Open protocols and APIs seem pretty meaningless to me if there's a single point of control for the brand.
If everyone migrates to bluesky and then bluesky says "of we're not doing that open thing anymore because of this new embiggened thing we're doing" everyone will still be on bluesky.
Open protocols and APIs seem pretty meaningless to me if there's a single point of control for the brand.
You'd need to expand on this more for me to understand you. Yes there's a single point of control from a moderation standpoint (labeler), as there is on Lemmy instances. But anyone can host their own ATProto relays and the Bluesky relay will federate with each other automatically.
If everyone migrates to bluesky and then bluesky says "of we're not doing that open thing anymore because of this new embiggened thing we're doing" everyone will still be on bluesky.

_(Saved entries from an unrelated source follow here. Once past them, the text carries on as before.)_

lemma gauss3_cases:
  assumes "(x,y,z) \<in> simplexS" "0 < x"
  obtains (A) n where "n \<ge> 1" "inA n (x,y,z)" "sym_type (x,y,z) = TA"
      "gauss3 (x,y,z) = (1/x - real n, y/x, z/x)"
  | (B) n where "n \<ge> 1" "inB n (x,y,z)" "sym_type (x,y,z) = TB"
      "gauss3 (x,y,z) = ((1-y)/x - real n + 1, (x-y+z)/x, (x-y)/x)"
  | (C) n where "n \<ge> 1" "inC n (x,y,z)" "sym_type (x,y,z) = TC"
      "gauss3 (x,y,z) = ((1-z)/x - real n + 1, (x-z)/x, (y-z)/x)"
proof -
  obtain n where n: "n \<ge> 1" "inA n (x,y,z) \<or> inB n (x,y,z) \<or> inC n (x,y,z)"
    using piece_cover[OF assms] .
  then consider "inA n (x,y,z)" | "inB n (x,y,z)" | "inC n (x,y,z)" by blast
  then show ?thesis
  proof cases
    case 1
    show ?thesis using that(1)[OF n(1) 1 gauss3_inA(2,1)[OF n(1) 1]] .
  next
    case 2
    show ?thesis using that(2)[OF n(1) 2 gauss3_inB(2,1)[OF n(1) 2]] .
  next
    case 3
    show ?thesis using that(3)[OF n(1) 3 gauss3_inC(2,1)[OF n(1) 3]] .
  qed
qed

lemma gauss3_in_simplexS:
  assumes "(x,y,z) \<in> simplexS" "0 < x"
  shows "gauss3 (x,y,z) \<in> simplexS"
  using assms
proof (cases rule: gauss3_cases)
  case (B n)
  have "x * (z + real n * x) \<le> x * 1"
    using B(2) assms(2) by (intro mult_left_mono) (auto simp: inB_def)
  then show ?thesis using assms B by (auto simp: simplexS_def inB_def field_simps)
next
  case (C n)
  then show ?thesis using assms piece_bounds[OF C(1)] by (auto simp: simplexS_def inC_def field_simps)
qed (auto simp: simplexS_def inA_def field_simps)

definition irrational_pt :: "pt \<Rightarrow> bool" where
  "irrational_pt v = (case v of (x,y,z) \<Rightarrow> x \<notin> \<rat> \<or> y \<notin> \<rat> \<or> z \<notin> \<rat>)"

lemma not_irrational_pt_if_ratios_rational:
  fixes x y z :: real
  assumes "x \<noteq> 0" "1/x \<in> \<rat>" "y/x \<in> \<rat>" "z/x \<in> \<rat>"
  shows "\<not> irrational_pt (x,y,z)"
proof -
  have "x = 1 / (1/x)" "y = y/x / (1/x)" "z = z/x / (1/x)" using assms(1) by simp_all
  then show ?thesis unfolding irrational_pt_def using assms(2-4) by (metis Rats_divide Rats_1 case_prod_conv)
qed

lemma gauss3_irrational_pt:
  assumes "(x,y,z) \<in> simplexS" "0 < x" "irrational_pt (x,y,z)"
  shows "irrational_pt (gauss3 (x,y,z))"
proof (rule ccontr)
  assume "\<not> irrational_pt (gauss3 (x,y,z))"
  then obtain a b c where G: "gauss3 (x,y,z) = (a,b,c)" "a \<in> \<rat>" "b \<in> \<rat>" "c \<in> \<rat>"
    unfolding irrational_pt_def by (auto split: prod.splits)
  have "1/x \<in> \<rat> \<and> y/x \<in> \<rat> \<and> z/x \<in> \<rat>"
    using assms(1,2)
  proof (cases rule: gauss3_cases)
    case (A n)
    then have "1/x = a + real n" "y/x = b" "z/x = c" using G(1) by auto
    then show ?thesis using G(2-4) by simp
  next
    case (B n)
    then have "1/x = a + real n - c" "y/x = 1 - c" "z/x = b - c"
      using G(1) assms(2) by (auto simp: field_simps)
    then show ?thesis using G(2-4) by simp
  next
    case (C n)
    then have "1/x = a + real n - b" "y/x = c + 1 - b" "z/x = 1 - b"
      using G(1) assms(2) by (auto simp: field_simps)
    then show ?thesis using G(2-4) by simp
  qed
  then show False using not_irrational_pt_if_ratios_rational assms(2,3) by simp
qed

lemma irrational_pt_fst_pos:
  assumes "(x,y,z) \<in> simplexS" "irrational_pt (x,y,z)"
  shows "0 < x"
proof (rule ccontr)
  assume "\<not> 0 < x"
  then have "x = 0" "y = 0" "z = 0" using assms(1) by (auto simp: simplexS_def)
  then show False using assms(2) by (simp add: irrational_pt_def)
qed

lemma orbit_in_simplexS:
  assumes "v \<in> simplexS" "irrational_pt v"
  shows "(gauss3 ^^ k) v \<in> simplexS \<and> irrational_pt ((gauss3 ^^ k) v)"
proof (induction k)
  case 0
  then show ?case using assms by simp
next
  case (Suc k)
  obtain x y z where xyz: "(gauss3 ^^ k) v = (x,y,z)" by (metis prod_cases3)
  then have "(x,y,z) \<in> simplexS" "irrational_pt (x,y,z)" using Suc by simp_all
  moreover have "0 < x" using irrational_pt_fst_pos calculation .
  ultimately show ?case
    using xyz gauss3_in_simplexS gauss3_irrational_pt by simp
qed

lemma orbit_point:
  assumes "v \<in> simplexS" "irrational_pt v"
  obtains x y z where "(gauss3 ^^ k) v = (x,y,z)" "(x,y,z) \<in> simplexS" "0 < x"
  by (metis orbit_in_simplexS[OF assms] irrational_pt_fst_pos prod_cases3)

fun swap_BC :: "symtype \<Rightarrow> symtype" where
  "swap_BC TA = TA"
| "swap_BC TB = TC"
| "swap_BC TC = TB"

text \<open>z and y - z vanish exactly on the faces AB and AC respectively; the value at TA is junk.\<close>

definition face_dist :: "symtype \<Rightarrow> pt \<Rightarrow> real" where
  "face_dist t v = (case v of (x,y,z) \<Rightarrow> if t = TB then z else y - z)"

lemma face_dist_bounds:
  assumes "v \<in> simplexS"
  shows "0 \<le> face_dist t v \<and> face_dist t v \<le> 1"
  using assms by (auto simp: simplexS_def face_dist_def)

lemma face_dist_gauss3_TA:
  assumes "(x,y,z) \<in> simplexS" "0 < x" "sym_type (x,y,z) = TA"
  shows "face_dist t (gauss3 (x,y,z)) = face_dist t (x,y,z) / x"
  using assms by (cases rule: gauss3_cases) (auto simp: face_dist_def diff_divide_distrib)

lemma face_dist_gauss3_nonA:
  assumes "(x,y,z) \<in> simplexS" "0 < x" "sym_type (x,y,z) = u" "u \<noteq> TA"
  shows "face_dist (swap_BC u) (gauss3 (x,y,z)) = face_dist u (x,y,z) / x"
    and "0 < face_dist (swap_BC u) (x,y,z)"
  using assms(1,2)
  by (cases rule: gauss3_cases;
      use assms(3,4) in \<open>auto simp: face_dist_def inB_def inC_def field_simps\<close>)+

definition next_nonA_type :: "symtype \<Rightarrow> (nat \<Rightarrow> symtype) \<Rightarrow> nat \<Rightarrow> symtype" where
  "next_nonA_type t s k = (if even (card {j. j < k \<and> s j \<noteq> TA}) then t else swap_BC t)"

lemma nonA_alternate_iff_next_nonA_type:
  "nonA_alternate t (swap_BC t) s \<longleftrightarrow> (\<forall>k. s k \<noteq> TA \<longrightarrow> s k = next_nonA_type t s k)"
  by (simp add: nonA_alternate_def next_nonA_type_def)

lemma next_nonA_type_0 [simp]: "next_nonA_type t s 0 = t"
  by (simp add: next_nonA_type_def)

lemma next_nonA_type_Suc:
  "next_nonA_type t s (Suc k) =
     (if s k = TA then next_nonA_type t s k else swap_BC (next_nonA_type t s k))"
proof -
  have "{j. j < Suc k \<and> s j \<noteq> TA} =
      (if s k = TA then {j. j < k \<and> s j \<noteq> TA} else insert k {j. j < k \<and> s j \<noteq> TA})"
    by (auto simp: less_Suc_eq)
  then show ?thesis
    by (cases t) (auto simp: next_nonA_type_def)
qed

lemma next_nonA_type_neq_TA: "t \<noteq> TA \<Longrightarrow> next_nonA_type t s k \<noteq> TA"
  by (cases t) (auto simp: next_nonA_type_def)

lemma face_dist_orbit:
  assumes "v \<in> simplexS" "irrational_pt v"
    and "\<And>j. j < k \<Longrightarrow> itin_type v j \<noteq> TA \<Longrightarrow> itin_type v j = next_nonA_type t (itin_type v) j"
  shows "face_dist (next_nonA_type t (itin_type v) k) ((gauss3 ^^ k) v)
           * (\<Prod>i<k. fst ((gauss3 ^^ i) v)) = face_dist t v"
  using assms(3)
proof (induction k)
  case 0
  then show ?case by simp
next
  case (Suc k)
  obtain x y z where w: "(gauss3 ^^ k) v = (x,y,z)" and S: "(x,y,z) \<in> simplexS" and x: "0 < x"
    using orbit_point[OF assms(1,2)] .
  have s: "itin_type v k = sym_type (x,y,z)" by (simp add: itin_type_def w)
  let ?e = "next_nonA_type t (itin_type v)"
  have IH: "face_dist (?e k) (x,y,z) * (\<Prod>i<k. fst ((gauss3 ^^ i) v)) = face_dist t v"
    using Suc by (simp add: w)
  have "face_dist (?e (Suc k)) (gauss3 (x,y,z)) = face_dist (?e k) (x,y,z) / x"
  proof (cases "sym_type (x,y,z) = TA")
    case True
    then show ?thesis using face_dist_gauss3_TA[OF S x] s by (simp add: next_nonA_type_Suc)
  next
    case False
    then have "sym_type (x,y,z) = ?e k" using Suc.prems[of k] s by simp
    then show ?thesis using face_dist_gauss3_nonA(1)[OF S x _ False] s False
      by (simp add: next_nonA_type_Suc)
  qed
  then show ?case using IH x w by simp
qed

lemma nonA_alternate_if_face_dist_zero:
  assumes "v \<in> simplexS" "irrational_pt v" "t \<noteq> TA" "face_dist t v = 0"
  shows "nonA_alternate t (swap_BC t) (itin_type v)"
  unfolding nonA_alternate_iff_next_nonA_type
proof (intro allI)
  let ?s = "itin_type v" and ?e = "next_nonA_type t (itin_type v)"
  fix k
  show "?s k \<noteq> TA \<longrightarrow> ?s k = ?e k"
  proof (induction k rule: less_induct)
    case (less k)
    obtain x y z where w: "(gauss3 ^^ k) v = (x,y,z)" and S: "(x,y,z) \<in> simplexS" and x: "0 < x"
      using orbit_point[OF assms(1,2)] .
    have "face_dist (?e k) (x,y,z) * (\<Prod>i<k. fst ((gauss3 ^^ i) v)) = 0"
      using face_dist_orbit[OF assms(1,2), of k t] less assms(4) w by simp
    moreover have "(\<Prod>i<k. fst ((gauss3 ^^ i) v)) \<noteq> 0"
      by (intro prod_pos less_imp_neq[symmetric]) (metis orbit_point[OF assms(1,2)] fst_conv)
    ultimately have on_face: "face_dist (?e k) (x,y,z) = 0" by simp
    show ?case
    proof
      assume nonA: "?s k \<noteq> TA"
      have s: "?s k = sym_type (x,y,z)" by (simp add: itin_type_def w)
      have "swap_BC (?s k) \<noteq> ?e k"
        using face_dist_gauss3_nonA(2)[OF S x s[symmetric] nonA] on_face by auto
      then show "?s k = ?e k"
        using nonA next_nonA_type_neq_TA[OF assms(3)] by (cases "?s k"; cases "?e k") auto
    qed
  qed
qed

lemma sym_type_near_vertex:
  assumes "(x,y,z) \<in> simplexS" "1/2 < x" "t \<noteq> TA" "1 - x < face_dist t (x,y,z)"
  shows "sym_type (x,y,z) \<noteq> TA \<and> (t = TB \<longrightarrow> sym_type (x,y,z) = TC)"
proof -
  have x: "0 < x" using assms(2) by simp
  have yz: "0 \<le> z" "z \<le> y" using assms(1) by (simp_all add: simplexS_def)
  have y: "1 - x < y" and z: "t = TB \<Longrightarrow> 1 - x < z"
    using assms(4) yz by (simp_all add: face_dist_def split: if_splits)
  have index_1: "n = 1" if "n \<ge> 1" "inA n (x,y,z) \<or> inB n (x,y,z) \<or> inC n (x,y,z)" for n
  proof -
    have "real n * x < 2 * x" using piece_bounds[OF that] assms(2) by linarith
    then have "real n < 2" using x by (simp add: mult_less_cancel_right)
    then show "n = 1" using that(1) by linarith
  qed
  from assms(1) x show ?thesis
  proof (cases rule: gauss3_cases)
    case (A n)
    then have "y \<le> 1 - x" using index_1[of n] by (simp add: inA_def)
    with y show ?thesis by simp
  next
    case (B n)
    then have "z \<le> 1 - x" using index_1[of n] by (simp add: inB_def)
    with z B(3) show ?thesis by auto
  qed simp_all
qed

lemma face_dist_zero_if_nonA_alternate:
  assumes "v \<in> simplexS" "irrational_pt v" "t \<noteq> TA"
    and alt: "nonA_alternate t (swap_BC t) (itin_type v)"
  shows "face_dist t v = 0"
proof (rule ccontr)
  let ?s = "itin_type v" and ?e = "next_nonA_type t (itin_type v)"
  define X where "X i = fst ((gauss3 ^^ i) v)" for i
  define d where "d = face_dist t v"
  assume "face_dist t v \<noteq> 0"
  then have d: "0 < d" using face_dist_bounds[OF assms(1), of t] by (simp add: d_def)
  have X_pos: "0 < X k" and X_le_1: "X k \<le> 1" for k
  proof -
    obtain x y z where "(gauss3 ^^ k) v = (x,y,z)" "(x,y,z) \<in> simplexS" "0 < x"
      using orbit_point[OF assms(1,2)] .
    then show "0 < X k" "X k \<le> 1" by (simp_all add: X_def simplexS_def)
  qed
  have e_alt: "?s k \<noteq> TA \<Longrightarrow> ?s k = ?e k" for k
    using alt by (simp add: nonA_alternate_iff_next_nonA_type)
  have d_le: "d \<le> face_dist (?e k) ((gauss3 ^^ k) v) \<and> d \<le> (\<Prod>i<k. X i)" for k
  proof -
    let ?f = "face_dist (?e k) ((gauss3 ^^ k) v)" and ?P = "\<Prod>i<k. X i"
    have "?f * ?P = d"
      using face_dist_orbit[OF assms(1,2)] e_alt by (simp add: X_def d_def)
    moreover have "0 < ?P" "?P \<le> 1"
      using X_pos X_le_1 by (auto intro: prod_pos prod_le_1 less_imp_le)
    moreover have "0 \<le> ?f" "?f \<le> 1"
      using face_dist_bounds orbit_in_simplexS[OF assms(1,2)] by blast+
    ultimately show ?thesis
      using mult_left_le[of ?P ?f] mult_left_le_one_le[of ?P ?f] by simp
  qed
  have "\<exists>k. 1 - min d (1/2) < X k \<and> 1 - min d (1/2) < X (Suc k)"
    by (rule consecutive_near_one_if_prod_bounded_below[OF X_pos X_le_1 d]) (use d_le d in auto)
  then obtain k where k: "1 - min d (1/2) < X k" "1 - min d (1/2) < X (Suc k)" by blast
  have near: "?s j = ?e j \<and> ?e j \<noteq> TB" if "1 - min d (1/2) < X j" for j
  proof -
    obtain x y z where w: "(gauss3 ^^ j) v = (x,y,z)" and S: "(x,y,z) \<in> simplexS"
      using orbit_point[OF assms(1,2)] .
    have "1 - min d (1/2) < x" using that w by (simp add: X_def)
    then have "1 - x < min d (1/2)" by linarith
    moreover have "d \<le> face_dist (?e j) (x,y,z)" using d_le[of j] w by simp
    ultimately have "1/2 < x" "1 - x < face_dist (?e j) (x,y,z)" by simp_all
    note near_vertex = sym_type_near_vertex[OF S this(1) next_nonA_type_neq_TA[OF assms(3)] this(2)]
    have s: "?s j = sym_type (x,y,z)" by (simp add: itin_type_def w)
    have nonA: "?s j \<noteq> TA" and TB_to_TC: "?e j = TB \<Longrightarrow> ?s j = TC"
      using near_vertex unfolding s by blast+
    have "?s j = ?e j" using e_alt[OF nonA] .
    with TB_to_TC show ?thesis by (metis symtype.distinct)
  qed
  have "?e k = TC"
    using near[OF k(1)] next_nonA_type_neq_TA[OF assms(3)] by (cases "?e k") blast+
  moreover have "?s k = TC" using near[OF k(1)] calculation by simp
  ultimately have "?e (Suc k) = TB" by (simp add: next_nonA_type_Suc)
  then show False using near[OF k(2)] by blast
qed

Not necessarily because the accounts are atProto accounts and you can migrate to another platform(albeit another doesn't exist yet) without data loss. As far as the Bluesky app goes it really just shows you atProto posts and hosts your data (similar to Lemmy instances) they as an entity just also maintain the OSS backend Relay crawler and more.
I really think a lot of people have this perspective that it's not decentralized just because it truly is a lot more complicated due to there being like 5 different moving pieces of decentralization (PDS, Relay, Appview, tbd labeler, algorithm) and they do a great job at obscuring it for regular users which is a great thing. And nobody has really tinkered around and set-up any sites or integrations with it yet. I'm personally trying to get a two way mastodon integration as it's possible but nobody has done a solid implementation (just somewhat gnarly bridges between protocols)
I've been on Bluesky and Mastodon but I'm seeing people pretty happy with how less toxic it is on Bluesky.
Just wait until enough sane people have left Twitter; it'll then implode and the fascist Nazi shitheads will migrate.
They don't want an echo chamber- they want to be able to shout their slurs and right-wing bullshit at you while you can't respond. It's exactly why places like Voat and that shitty T_D knockoff crashed. Once the ratio of right-wingers to non-right-wingers on Twitter hits a critical amount, they'll start looking for other places to infest.
Just wait
Dude. It's been 2 years. The people who were going to leave because of Elon already left.
I'm not saying the current twitter userbase 100% fully believe in his views, but I am saying that they're not leaving the platform over it.
Either they don't know about bluesky/mastodon, or they don't care enough to leave.
Uhh, the very existence of this article indicates you're wrong. Elon removed the block feature and even more users left; how can you say that "the people who were going to leave because of Elon have already left"? Certainly the group who disliked Elon on ideological grounds did, but there are plenty of other users who are leaving because they're finally deciding the changes Elon is making removes any value they see in remaining on Twitter.
I mean at some point elon will buy bluesky, too
At the rate we're going all that will be left on X is EM and his 200 sockpuppets.
Glad to see people leaving X. I look forward to it’s end.